Money Marketing is asking whether the threat of a big hike in capital gains tax in the Budget is also mixed up with the review of consolidation.
As the website puts in – “the Financial Conduct Authority (FCA) is remaining tight-lipped over the timing of its recently announced review of consolidation in the advice sector”.
On 7 October, the regulator unveiled plans to examine consolidation, emphasising the need for strict approval processes when firms acquire or increase control over other regulated entities.
MM writes that despite speculation that the review may have been prompted by concerns over rushed deals ahead of potential capital gains tax (CGT) changes, the FCA declined to confirm or deny this.
Could this make sense? Well, perhaps although frankly things sound at little feverish at the Treasury and just about everything is being second guessed.
Of course, the story riffs off other coverage across the national papers. This is the usually supportive Guardian reporting the potential for a huge CGT hike - Rachel Reeves considers raising capital gains tax to 39%.
We have to say this story feels like quite a stretch and some commentators on social media have suggested it would be fiscally self-defeating as well.
But as the Guardian has it - “Treasury modelling being reviewed by the chancellor and seen by this newspaper shows officials are testing a range of 33% to 39% for capital gains tax (CGT).”
Someone is briefing chaos – and again to emphasis this is in a relatively Labour friendly newspaper - "“Some very big tax decisions are being left until very late in the day,” one senior source claimed. Another said the Treasury’s tax-raising plans were in “complete disarray”."
The report also notes fears that non-dom and IHT reforms potentially look set to cost the Treasury money if pursued.
And as further context it mentions the assertion by the Institute for Fiscal Studies that the government needs £25bn in tax rises to repair public services again making big news in the Guardian.
So what about the Conservative leaning papers?
Well, the Telegraph spent much of last week warning about government designs on tax free cash being limited in the Budget with this headline Rachel Reeves considers capping tax-free pension lump sum.
I do wonder about the provenance of some of these stories. Clearly there is a crisis in public services in the UK, the Treasury is strapped for cash and Labour has promised not to raise main taxes. But I do wonder if there’s a difference between officials running some calculations and the realistic prospect of action.
Have to say, this story from New Model Adviser feels better sourced because at least the conversations have clearly happened because someone at the Treasury has been asking providers about practicalities as in the Treasury eyes NI on pension contributions in provider talks.
There has been a direct impact on financial advisers in the form of worried clients which New Model Adviser also reflects adviser frustration with this story - ‘Absolutely awful’: Advisers call for clarity over tax-free lump sum.

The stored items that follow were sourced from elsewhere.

lemma vec_eq_smult_unit_vec:
  assumes v: "v \<in> carrier_vec n" and k: "k < n" and supp: "\<And>l. l < n \<Longrightarrow> v $ l \<noteq> 0 \<Longrightarrow> l = k"
  shows "v = (v $ k :: 'a :: comm_ring_1) \<cdot>\<^sub>v unit_vec n k"
proof (rule eq_vecI)
  fix l assume "l < dim_vec (v $ k \<cdot>\<^sub>v unit_vec n k)"
  hence l: "l < n" by simp
  show "v $ l = (v $ k \<cdot>\<^sub>v unit_vec n k) $ l"
    using k supp[OF l] l by (cases "l = k") auto
qed (use v in simp)

lemma index_mat_delete [simp]:
  "r < dim_row A - 1 \<Longrightarrow> c < dim_col A - 1 \<Longrightarrow>
    mat_delete A i j $$ (r, c) = A $$ (insert_index i r, insert_index j c)"
  by (simp add: mat_delete_def insert_index_def)

lemma replace_col_carrier [simp]: "replace_col A v k \<in> carrier_mat (dim_row A) (dim_col A)"
  and dim_replace_col [simp]: "dim_row (replace_col A v k) = dim_row A" "dim_col (replace_col A v k) = dim_col A"
  and index_replace_col [simp]: "r < dim_row A \<Longrightarrow> c < dim_col A \<Longrightarrow>
    replace_col A v k $$ (r, c) = (if c = k then v $ r else A $$ (r, c))"
  by (auto simp: replace_col_def)

subsection \<open>Minors with arbitrarily ordered rows and columns\<close>

(* Unlike submatrix, the rows and columns are listed in an arbitrary order, so a single column
   can be substituted in place. *)
definition minor_mat :: "'a mat \<Rightarrow> nat \<Rightarrow> (nat \<Rightarrow> nat) \<Rightarrow> (nat \<Rightarrow> nat) \<Rightarrow> 'a mat" where
  "minor_mat B r f g = mat r r (\<lambda>(i, j). B $$ (f i, g j))"

lemma minor_mat_carrier [simp]: "minor_mat B r f g \<in> carrier_mat r r"
  and dim_minor_mat [simp]: "dim_row (minor_mat B r f g) = r" "dim_col (minor_mat B r f g) = r"
  and index_minor_mat [simp]: "i < r \<Longrightarrow> j < r \<Longrightarrow> minor_mat B r f g $$ (i, j) = B $$ (f i, g j)"
  unfolding minor_mat_def by auto

lemma minor_mat_id: "B \<in> carrier_mat n n \<Longrightarrow> minor_mat B n id id = B"
  by (intro eq_matI) auto

lemma mat_delete_eq_minor_mat:
  "B \<in> carrier_mat (Suc n) (Suc n) \<Longrightarrow> mat_delete B i j = minor_mat B n (insert_index i) (insert_index j)"
  by (intro eq_matI) auto

lemma det_minor_mat_permutes:
  fixes C :: "'a :: comm_ring_1 mat"
  assumes C: "C \<in> carrier_mat n n" and p: "p permutes {0..<n}" and q: "q permutes {0..<n}"
  shows "det (minor_mat C n p q) = signof p * signof q * det C"
proof -
  have rows: "det (minor_mat M n p' id) = signof p' * det M"
    if "M \<in> carrier_mat n n" "p' permutes {0..<n}" for M :: "'a mat" and p'
    using det_permute_rows[OF that] by (simp add: minor_mat_def)
  have p_lt: "p j < n" and q_lt: "q j < n" if "j < n" for j
    using p q permutes_in_image that by fastforce+
  have CT: "transpose_mat C \<in> carrier_mat n n" using C by simp
  have "minor_mat C n p q = minor_mat (transpose_mat (minor_mat (transpose_mat C) n q id)) n p id"
    using C p_lt q_lt by (intro eq_matI) auto
  also have "det \<dots> = signof p * det (minor_mat (transpose_mat C) n q id)"
    by (simp add: rows[OF _ p] det_transpose[OF minor_mat_carrier])
  also have "\<dots> = signof p * signof q * det C"
    by (simp add: rows[OF CT q] det_transpose[OF C])
  finally show ?thesis .
qed

lemma abs_det_minor_mat_reindex:
  fixes B :: "'a :: linordered_idom mat"
  assumes "bij_betw f {..<r} I" "bij_betw f' {..<r} I" "bij_betw g {..<r} J" "bij_betw g' {..<r} J"
  shows "\<bar>det (minor_mat B r f g)\<bar> = \<bar>det (minor_mat B r f' g')\<bar>"
proof -
  obtain p where p: "p permutes {0..<r}" "\<And>i. i < r \<Longrightarrow> f' (p i) = f i"
    using bij_betw_permutes_reindex assms(1,2) by metis
  obtain q where q: "q permutes {0..<r}" "\<And>i. i < r \<Longrightarrow> g' (q i) = g i"
    using bij_betw_permutes_reindex assms(3,4) by metis
  have "p i < r" "q i < r" if "i < r" for i using p q permutes_in_image that by fastforce+
  hence "minor_mat B r f g = minor_mat (minor_mat B r f' g') r p q"
    using p q by (intro eq_matI) auto
  thus ?thesis by (simp add: det_minor_mat_permutes[OF _ p(1) q(1)] abs_mult)
qed

lemma submatrix_carrier_mat:
  assumes "I \<subseteq> {..<dim_row B}" "J \<subseteq> {..<dim_col B}"
  shows "submatrix B I J \<in> carrier_mat (card I) (card J)"
proof (rule carrier_matI)
  have "{i. i < dim_row B \<and> i \<in> I} = I" "{j. j < dim_col B \<and> j \<in> J} = J" using assms by auto
  thus "dim_row (submatrix B I J) = card I" "dim_col (submatrix B I J) = card J"
    by (simp_all only: dim_submatrix)
qed

lemma abs_det_submatrix_eq_minor_mat:
  fixes B :: "'a :: linordered_idom mat"
  assumes I: "I \<subseteq> {..<dim_row B}" and J: "J \<subseteq> {..<dim_col B}"
    and f: "bij_betw f {..<r} I" and g: "bij_betw g {..<r} J"
  shows "\<bar>det (submatrix B I J)\<bar> = \<bar>det (minor_mat B r f g)\<bar>"
proof -
  have fin: "finite I" "finite J" using I J finite_subset by auto
  have r: "card I = r" "card J = r" using bij_betw_same_card[OF f] bij_betw_same_card[OF g] by auto
  have "{i. i < dim_row B \<and> i \<in> I} = I" "{j. j < dim_col B \<and> j \<in> J} = J" using I J by auto
  hence "submatrix B I J = minor_mat B r (pick I) (pick J)"
    using r by (simp add: submatrix_def minor_mat_def)
  moreover have "bij_betw (pick I) {..<r} I" "bij_betw (pick J) {..<r} J"
    using bij_betw_pick[OF fin(1)] bij_betw_pick[OF fin(2)] r by auto
  ultimately show ?thesis using abs_det_minor_mat_reindex[of "pick I" r I f "pick J" J g] f g by simp
qed

lemma abs_det_submatrix_full:
  fixes B :: "'a :: linordered_idom mat"
  assumes "B \<in> carrier_mat n n"
  shows "\<bar>det (submatrix B {..<n} {..<n})\<bar> = \<bar>det B\<bar>"
proof -
  have "bij_betw id {..<n} {..<n}" by simp
  with abs_det_submatrix_eq_minor_mat[of "{..<n}" B "{..<n}" id n id] show ?thesis
    using assms by (simp add: minor_mat_id[OF assms])
qed

lemma submatrix_submatrix_UNIV: "submatrix (submatrix B I UNIV) UNIV J = submatrix B I J"
proof (rule eq_matI)
  fix i j assume ij: "i < dim_row (submatrix B I J)" "j < dim_col (submatrix B I J)"
  have "pick J j < dim_col B" using ij pick_le by (simp add: dim_submatrix)
  thus "submatrix (submatrix B I UNIV) UNIV J $$ (i, j) = submatrix B I J $$ (i, j)"
    using ij by (simp add: submatrix_def pick_UNIV)
qed (simp_all add: dim_submatrix)

subsection \<open>Determinant identities\<close>

lemma det_col_linear:
  fixes M :: "'a :: comm_ring_1 mat" and N :: "'b \<Rightarrow> 'a mat"
  assumes M: "M \<in> carrier_mat n n" and N: "\<And>t. t \<in> T \<Longrightarrow> N t \<in> carrier_mat n n"
    and c0: "c0 < n"
    and other: "\<And>t r j. t \<in> T \<Longrightarrow> r < n \<Longrightarrow> j < n \<Longrightarrow> j \<noteq> c0 \<Longrightarrow> N t $$ (r, j) = M $$ (r, j)"
    and lin: "\<And>r. r < n \<Longrightarrow> M $$ (r, c0) = (\<Sum>t\<in>T. z t * N t $$ (r, c0))"
  shows "det M = (\<Sum>t\<in>T. z t * det (N t))"
proof -
  have cof: "cofactor (N t) r c0 = cofactor M r c0" if t: "t \<in> T" for t r
  proof -
    have "mat_delete (N t) r c0 = mat_delete M r c0"
      using M N[OF t] other[OF t] c0 by (intro eq_matI) (auto simp: mat_delete_def)
    thus ?thesis unfolding cofactor_def by simp
  qed
  have "det M = (\<Sum>r<n. M $$ (r, c0) * cofactor M r c0)" by (rule laplace_expansion_column[OF M c0])
  also have "\<dots> = (\<Sum>r<n. \<Sum>t\<in>T. z t * (N t $$ (r, c0) * cofactor (N t) r c0))"
    by (intro sum.cong refl) (simp add: lin cof sum_distrib_right mult.assoc)
  also have "\<dots> = (\<Sum>t\<in>T. z t * (\<Sum>r<n. N t $$ (r, c0) * cofactor (N t) r c0))"
    by (subst sum.swap) (simp add: sum_distrib_left)
  also have "\<dots> = (\<Sum>t\<in>T. z t * det (N t))"
    by (intro sum.cong refl) (simp add: laplace_expansion_column[OF N c0])
  finally show ?thesis .
qed

lemma det_col_smult:
  fixes M N :: "'a :: comm_ring_1 mat"
  assumes "M \<in> carrier_mat n n" "N \<in> carrier_mat n n" "c0 < n"
    and "\<And>r j. r < n \<Longrightarrow> j < n \<Longrightarrow> j \<noteq> c0 \<Longrightarrow> N $$ (r, j) = M $$ (r, j)"
    and "\<And>r. r < n \<Longrightarrow> M $$ (r, c0) = s * N $$ (r, c0)"
  shows "det M = s * det N"
  using det_col_linear[of M n "{()}" "\<lambda>_. N" c0 "\<lambda>_. s"] assms by simp

lemma det_Ints:
  fixes B :: "'a :: comm_ring_1 mat"
  assumes B: "B \<in> carrier_mat n n" and ints: "\<And>i j. i < n \<Longrightarrow> j < n \<Longrightarrow> B $$ (i, j) \<in> \<int>"
  shows "det B \<in> \<int>"
proof -
  have "signof p * (\<Prod>i = 0..<n. B $$ (i, p i)) \<in> \<int>" if p: "p permutes {0..<n}" for p
  proof -
    have "p i < n" if "i < n" for i using p permutes_in_image that by fastforce
    hence "(\<Prod>i = 0..<n. B $$ (i, p i)) \<in> \<int>" using ints by (intro Ints_prod) auto
    moreover have "(signof p :: 'a) \<in> \<int>" by (cases p rule: sign_cases) auto
    ultimately show ?thesis by (metis Ints_mult)
  qed
  thus ?thesis unfolding det_def'[OF B] by (intro Ints_sum) auto
qed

Clearly, the Chancellor Rachel Reeves has not been dealt a very good hand. Being kind, she also inherited plans to cut National Insurance (though pre-election she didn’t have to accept them) and wildly unrealistic spending plans from her predecessor. However, people briefing from inside government or even the civil service, should probably be moved outside government sharpish.
But even with a hostile press, hungry for clicks, where it is testing the definition of words like consider, plans, models etc, this has been a comms nightmare.
Perhaps we need return to good old fashioned Budget purdah? Indeed AccountingWeb argued this only last year, referencing Hugh Dalton, Chancellor in the late 1940s who resigned because he gave away one line of the Budget, minutes before he gave the Budget speech. Those were the days!